What is needed is an exact retyping of the records below, from the first line through the line that contains "m_def Suc_le_eq card_gt_0_iff)".

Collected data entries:
━━━━━━━━━━
lemma geo_sum_pmf_le:
  assumes J: "finite J" "J \<noteq> {}" "\<forall>(i, y)\<in>J. 1 \<le> i"
  shows "prob {\<omega>\<in>space M. geo_sum J \<omega> = k} \<le> 8 / sqrt (card J)"
proof -
  define m where "m = card J"
  define p where "p k = prob {\<omega>\<in>space M. geo_sum J \<omega> = k}" for k
  have m: "1 \<le> m" using J by (simp add: m_def Suc_le_eq card_gt_0_iff)
  have p: "p k = real ((m - 1 + k) choose k) * (2/3) ^ m * (1/3) ^ k" for k
    unfolding p_def m_def by (rule geo_sum_distribution[OF J])
  have rec: "3 * (real k + 1) * p (Suc k) = (real k + real m) * p k" for k
    unfolding p by (rule negbin_recurrence[OF m])
  have nonneg: "0 \<le> p k" for k by (simp add: p_def)
  have mass: "sum p {a..b} \<le> 1" for a b
  proof -
    have "sum p {a..b} = prob (\<Union>k\<in>{a..b}. {\<omega>\<in>space M. geo_sum J \<omega> = k})"
      unfolding p_def using geo_sum_event[OF J(1,3), of "\<lambda>v. v = k" for k]
      by (intro finite_measure_finite_Union[symmetric]) (auto simp: disjoint_family_on_def)
    then show ?thesis by simp
  qed
  show ?thesis
    using negbin_pmf_le[OF rec nonneg mass m] by (simp add: p_def m_def)
qed

lemma geo_sum_tie_le:
  assumes J1: "finite J1" "J1 \<noteq> {}" "\<forall>(i, y)\<in>J1. 1 \<le> i"
    and J2: "finite J2" "\<forall>(i, y)\<in>J2. 1 \<le> i" and disj: "J1 \<inter> J2 = {}"
  shows "prob {\<omega>\<in>space M. geo_sum J1 \<omega> = geo_sum J2 \<omega>} \<le> 8 / sqrt (card J1)"
proof -
  define c where "c = 8 / sqrt (card J1)"
  define B where "B k = {\<omega>\<in>space M. geo_sum J1 \<omega> = k} \<inter> {\<omega>\<in>space M. geo_sum J2 \<omega> = k}" for k
  define C where "C k = {\<omega>\<in>space M. geo_sum J2 \<omega> = k}" for k
  have C_event: "C k \<in> events" for k
    unfolding C_def using geo_sum_event[OF J2, of "\<lambda>v. v = k"] .
  have B_event: "B k \<in> events" for k
    unfolding B_def
    using geo_sum_event[OF J1(1,3), of "\<lambda>v. v = k"] C_event[of k, unfolded C_def] by (rule sets.Int)
  have B: "(\<lambda>k. prob (B k)) sums prob (\<Union>k. B k)"
    using B_event by (intro finite_measure_UNION) (auto simp: disjoint_family_on_def B_def)
  have C: "(\<lambda>k. prob (C k)) sums prob (\<Union>k. C k)"
    using C_event by (intro finite_measure_UNION) (auto simp: disjoint_family_on_def C_def)
  have "prob (B k) \<le> c * prob (C k)" for k
  proof -
    have "prob (B k) = prob {\<omega>\<in>space M. geo_sum J1 \<omega> = k} * prob (C k)"
      unfolding B_def C_def
      by (rule indep_elem_sigma[OF xi_index_disjoint[OF disj] xi_index_sub[OF J1(3)] xi_index_sub[OF J2(2)]
            geo_sum_event_sigma[OF J1(1) order_refl] geo_sum_event_sigma[OF J2(1) order_refl]])
    also have "\<dots> \<le> c * prob (C k)"
      using geo_sum_pmf_le[OF J1] by (intro mult_right_mono) (auto simp: c_def)
    finally show ?thesis .
  qed
  then have "prob (\<Union>k. B k) \<le> c * prob (\<Union>k. C k)"
    by (rule sums_le[OF _ B sums_mult[OF C, of c]])
  also have "\<dots> \<le> c" by (rule mult_left_le[OF prob_le_1]) (simp add: c_def)
  also have "(\<Union>k. B k) = {\<omega>\<in>space M. geo_sum J1 \<omega> = geo_sum J2 \<omega>}" by (auto simp: B_def)
  finally show ?thesis by (simp add: c_def)
qed

definition skeleton :: "nat \<Rightarrow> 'a \<Rightarrow> (int \<times> int) list" where
  "skeleton N \<omega> = map (\<lambda>k. (Y k \<omega>, env f lam rho (Y k \<omega>) \<omega>)) [0..<N]"

lemma length_skeleton: "length (skeleton N \<omega>) = N"
  by (simp add: skeleton_def)

lemma skeleton_sites: "fst ` set (skeleton N \<omega>) = (\<lambda>k. Y k \<omega>) ` {..<N}"
  by (force simp: skeleton_def)

lemma skeleton_visits: "visits (skeleton N \<omega>) y = occ Y N y \<omega>"
  unfolding visits_def occ_def by (rule arg_cong[where f = card]) (auto simp: skeleton_def)

lemma skeleton_sign: "(y, s) \<in> set (skeleton N \<omega>) \<Longrightarrow> s = env f lam rho y \<omega>"
  by (auto simp: skeleton_def)

lemma skeleton_measurable:
  "skeleton N \<in> elem_sigma skeleton_index \<rightarrow>\<^sub>M count_space UNIV"
proof -
  have [measurable]: "Y k \<in> elem_sigma skeleton_index \<rightarrow>\<^sub>M count_space UNIV" for k
    by (rule Y_measurable) (auto simp: skeleton_index_def)
  have [measurable]: "env f lam rho y \<in> elem_sigma skeleton_index \<rightarrow>\<^sub>M count_space UNIV" for y
    by (rule env_measurable) (auto simp: skeleton_index_def)
  have [measurable]: "(\<lambda>\<omega>. env f lam rho (Y k \<omega>) \<omega>) \<in> elem_sigma skeleton_index \<rightarrow>\<^sub>M count_space UNIV" for k
    by (rule measurable_compose_countable'[where I = UNIV]) auto
  show ?thesis unfolding skeleton_def by (intro measurable_map_upt) measurable
qed

definition skeleton_sum :: "(int \<times> int) list \<Rightarrow> 'a \<Rightarrow> int" where
  "skeleton_sum d \<omega> = (\<Sum>y\<in>fst ` set d. env f lam rho y \<omega> * (\<Sum>i=1..visits d y. int (xi i y \<omega>)))"

lemma Xpos_skeleton_sum: "Xpos f Y xi lam rho N \<omega> = skeleton_sum (skeleton N \<omega>) \<omega>"
  by (simp add: Xpos_def skeleton_sum_def skeleton_sites skeleton_visits)

lemma Xpos_measurable: "Xpos f Y xi lam rho N \<in> M \<rightarrow>\<^sub>M count_space UNIV"
proof -
  have [measurable]: "skeleton N \<in> M \<rightarrow>\<^sub>M count_space UNIV"
    by (rule elem_sigma_measurable_M[OF skeleton_index_sub skeleton_measurable])
  have [measurable]: "env f lam rho y \<in> M \<rightarrow>\<^sub>M count_space UNIV" for y
    by (rule elem_sigma_measurable_M[OF skeleton_index_sub env_measurable]) (auto simp: skeleton_index_def)
  note [measurable] = xi_measurable
  have [measurable]: "(\<lambda>\<omega>. \<Sum>i=1..n. int (xi i y \<omega>)) \<in> M \<rightarrow>\<^sub>M count_space UNIV" for n y
    by (rule measurable_count_space_sum) auto
  have [measurable]: "skeleton_sum d \<in> M \<rightarrow>\<^sub>M count_space UNIV" for d
    unfolding skeleton_sum_def[abs_def] by (rule measurable_count_space_sum) (simp, measurable)
  have "(\<lambda>\<omega>. skeleton_sum (skeleton N \<omega>) \<omega>) \<in> M \<rightarrow>\<^sub>M count_space UNIV"
    by (rule measurable_compose_countable'[where I = UNIV]) auto
  then show ?thesis by (simp add: Xpos_skeleton_sum[abs_def])
qed

lemma Xpos_geo_sums:
  assumes d: "skeleton N \<omega> = d" and signs: "\<forall>(y, s)\<in>set d. s \<in> {1, -1}"
  shows "Xpos f Y xi lam rho N \<omega> = int (geo_sum (plus_slots d) \<omega>) - int (geo_sum (minus_slots d) \<omega>)"
proof -
  have "Xpos f Y xi lam rho N \<omega> = skeleton_sum d \<omega>" by (simp add: Xpos_skeleton_sum d)
  also have "\<dots> = (\<Sum>(i, y)\<in>plus_slots d. int (xi i y \<omega>)) - (\<Sum>(i, y)\<in>minus_slots d. int (xi i y \<omega>))"
    unfolding skeleton_sum_def using signs skeleton_sign[of _ _ N \<omega>] d
    by (intro signed_slot_sum) auto
  finally show ?thesis by (simp add: geo_sum_def case_prod_beta)
qed

lemma env_sign:
  assumes "\<omega> \<in> space M" "rho y \<omega> \<in> {1, -1}"
  shows "env f lam rho y \<omega> \<in> {1, -1}"
proof -
  have "lam y \<omega> = 0 \<or> lam y \<omega> = 1" using lam01 assms(1) by auto
  then show ?thesis using f_sign assms(2) by (auto simp: env_def)
qed

lemma env_sign_AE: "AE \<omega> in M. \<forall>y. env f lam rho y \<omega> \<in> {1, -1}"
proof -
  have "AE \<omega> in M. rho y \<omega> \<in> {1, -1}" for y
  proof -
    note [measurable] = rho_measurable
    have "{\<omega>\<in>space M. rho y \<omega> \<in> {1, -1}} = {\<omega>\<in>space M. rho y \<omega> = 1} \<union> {\<omega>\<in>space M. rho y \<omega> = -1}"
      by auto
    also have "prob \<dots> = 1"
      using rho_plus[rule_format, of y] rho_minus[rule_format, of y] by (subst finite_measure_Union) auto
    finally have "AE \<omega> in M. \<omega> \<in> {\<omega>\<in>space M. rho y \<omega> \<in> {1, -1}}" by (rule AE_prob_1)
    then show ?thesis by auto
  qed
  then have "AE \<omega> in M. \<forall>y. rho y \<omega> \<in> {1, -1}" by (simp add: AE_all_countable)
  with AE_space show ?thesis
  proof (eventually_elim, intro allI)
    fix \<omega> y assume "\<omega> \<in> space M" "\<forall>y. rho y \<omega> \<in> {1, -1}"
    then show "env f lam rho y \<omega> \<in> {1, -1}" by (intro env_sign) auto
  qed
qed

definition zero_event :: "nat \<Rightarrow> 'a set" where
  "zero_event N = {\<omega>\<in>space M. Xpos f Y xi lam rho N \<omega> = 0}"

lemma zero_event_in_events: "zero_event N \<in> events"
proof -
  note [measurable] = Xpos_measurable
  show ?thesis unfolding zero_event_def by measurable
qed

definition tie_event :: "(int \<times> int) list \<Rightarrow> 'a set" where
  "tie_event d = {\<omega>\<in>space M. geo_sum (plus_slots d) \<omega> = geo_sum (minus_slots d) \<omega>}"

lemma tie_event_sigma: "tie_event d \<in> sets (elem_sigma (xi_index (slots d)))"
proof -
  have "plus_slots d \<subseteq> slots d" "minus_slots d \<subseteq> slots d"
    by (auto simp: plus_slots_def minus_slots_def)
  note [measurable] = geo_sum_measurable[OF slots_finite(2) this(1)] geo_sum_measurable[OF slots_finite(3) this(2)]
  have "{\<omega>\<in>space (elem_sigma (xi_index (slots d))).
      int (geo_sum (plus_slots d) \<omega>) - int (geo_sum (minus_slots d) \<omega>) = 0}
      \<in> sets (elem_sigma (xi_index (slots d)))" by measurable
  then show ?thesis by (simp add: tie_event_def)
qed

(* For a skeleton of length 2n one of the two slot sets has at least n elements. *)
lemma tie_event_prob_le:
  assumes n: "1 \<le> n" and d: "length d = 2 * n"
  shows "prob (tie_event d) \<le> 8 / sqrt n"
proof -
  have card: "card (plus_slots d) + card (minus_slots d) = 2 * n"
    using card_plus_minus_slots d by simp
  have le: "8 / sqrt (card J) \<le> 8 / sqrt n" if "n \<le> card J" for J :: "(nat \<times> int) set"
    using that n by (intro divide_left_mono) auto
  show ?thesis
  proof (cases "n \<le> card (plus_slots d)")
    case True
    then have "plus_slots d \<noteq> {}" using n by auto
    then show ?thesis unfolding tie_event_def
      using geo_sum_tie_le[OF slots_finite(2) _ slots_pos(2) slots_finite(3) slots_pos(3)
          plus_minus_slots_disjoint] le[OF True] by fastforce
  next
    case False
    then have ge: "n \<le> card (minus_slots d)" using card by linarith
    then have "minus_slots d \<noteq> {}" using n by auto
    moreover have "tie_event d = {\<omega>\<in>space M. geo_sum (minus_slots d) \<omega> = geo_sum (plus_slots d) \<omega>}"
      by (auto simp: tie_event_def)
    ultimately show ?thesis
      using geo_sum_tie_le[OF slots_finite(3) _ slots_pos(3) slots_finite(2) slots_pos(2)]
        plus_minus_slots_disjoint[of d] le[OF ge] by (fastforce simp: Int_commute)
  qed
qed

lemma skeleton_fibre_sigma:
  assumes A: "A \<in> sets (elem_sigma skeleton_index)"
  shows "A \<inter> skeleton N -` {d} \<in> sets (elem_sigma skeleton_index)"
proof -
  have "A \<inter> skeleton N -` {d} = A \<inter> (skeleton N -` {d} \<inter> space (elem_sigma skeleton_index))"
    using sets.sets_into_space[OF A] by auto
  then show ?thesis using measurable_sets[OF skeleton_measurable, of "{d}" N] A by auto
qed

lemma zero_event_on_fibre:
  assumes S: "S \<subseteq> space M" "S \<subseteq> skeleton N -` {d}" and signs: "\<forall>(y, s)\<in>set d. s \<in> {1, -1}"
  shows "zero_event N \<inter> S = tie_event d \<inter> S"
  using Xpos_geo_sums[OF _ signs] S by (auto simp: zero_event_def tie_event_def)

lemma bad_fibre_null:
  assumes S: "S \<in> events" "S \<subseteq> skeleton N -` {d}"
    and bad: "(y, s) \<in> set d" "s \<notin> {1, -1}"
  shows "prob S = 0"
proof -
  have "AE \<omega> in M. \<omega> \<notin> S"
    using env_sign_AE
  proof eventually_elim
    fix \<omega> assume "\<forall>y. env f lam rho y \<omega> \<in> {1, -1}"
    then show "\<omega> \<notin> S" using skeleton_sign[of y s N \<omega>] bad S(2) by auto
  qed
  then show ?thesis using AE_iff_null_sets[OF S(1)] by (simp add: measure_eq_0_null_sets)
qed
━━━━━━━━━━
THE ANSWER
lemma geo_sum_pmf_le:
  assumes J: "finite J" "J \<noteq> {}" "\<forall>(i, y)\<in>J. 1 \<le> i"
  shows "prob {\<omega>\<in>space M. geo_sum J \<omega> = k} \<le> 8 / sqrt (card J)"
proof -
  define m where "m = card J"
  define p where "p k = prob {\<omega>\<in>space M. geo_sum J \<omega> = k}" for k
  have m: "1 \<le> m" using J by (simp add: m_def Suc_le_eq card_gt_0_iff)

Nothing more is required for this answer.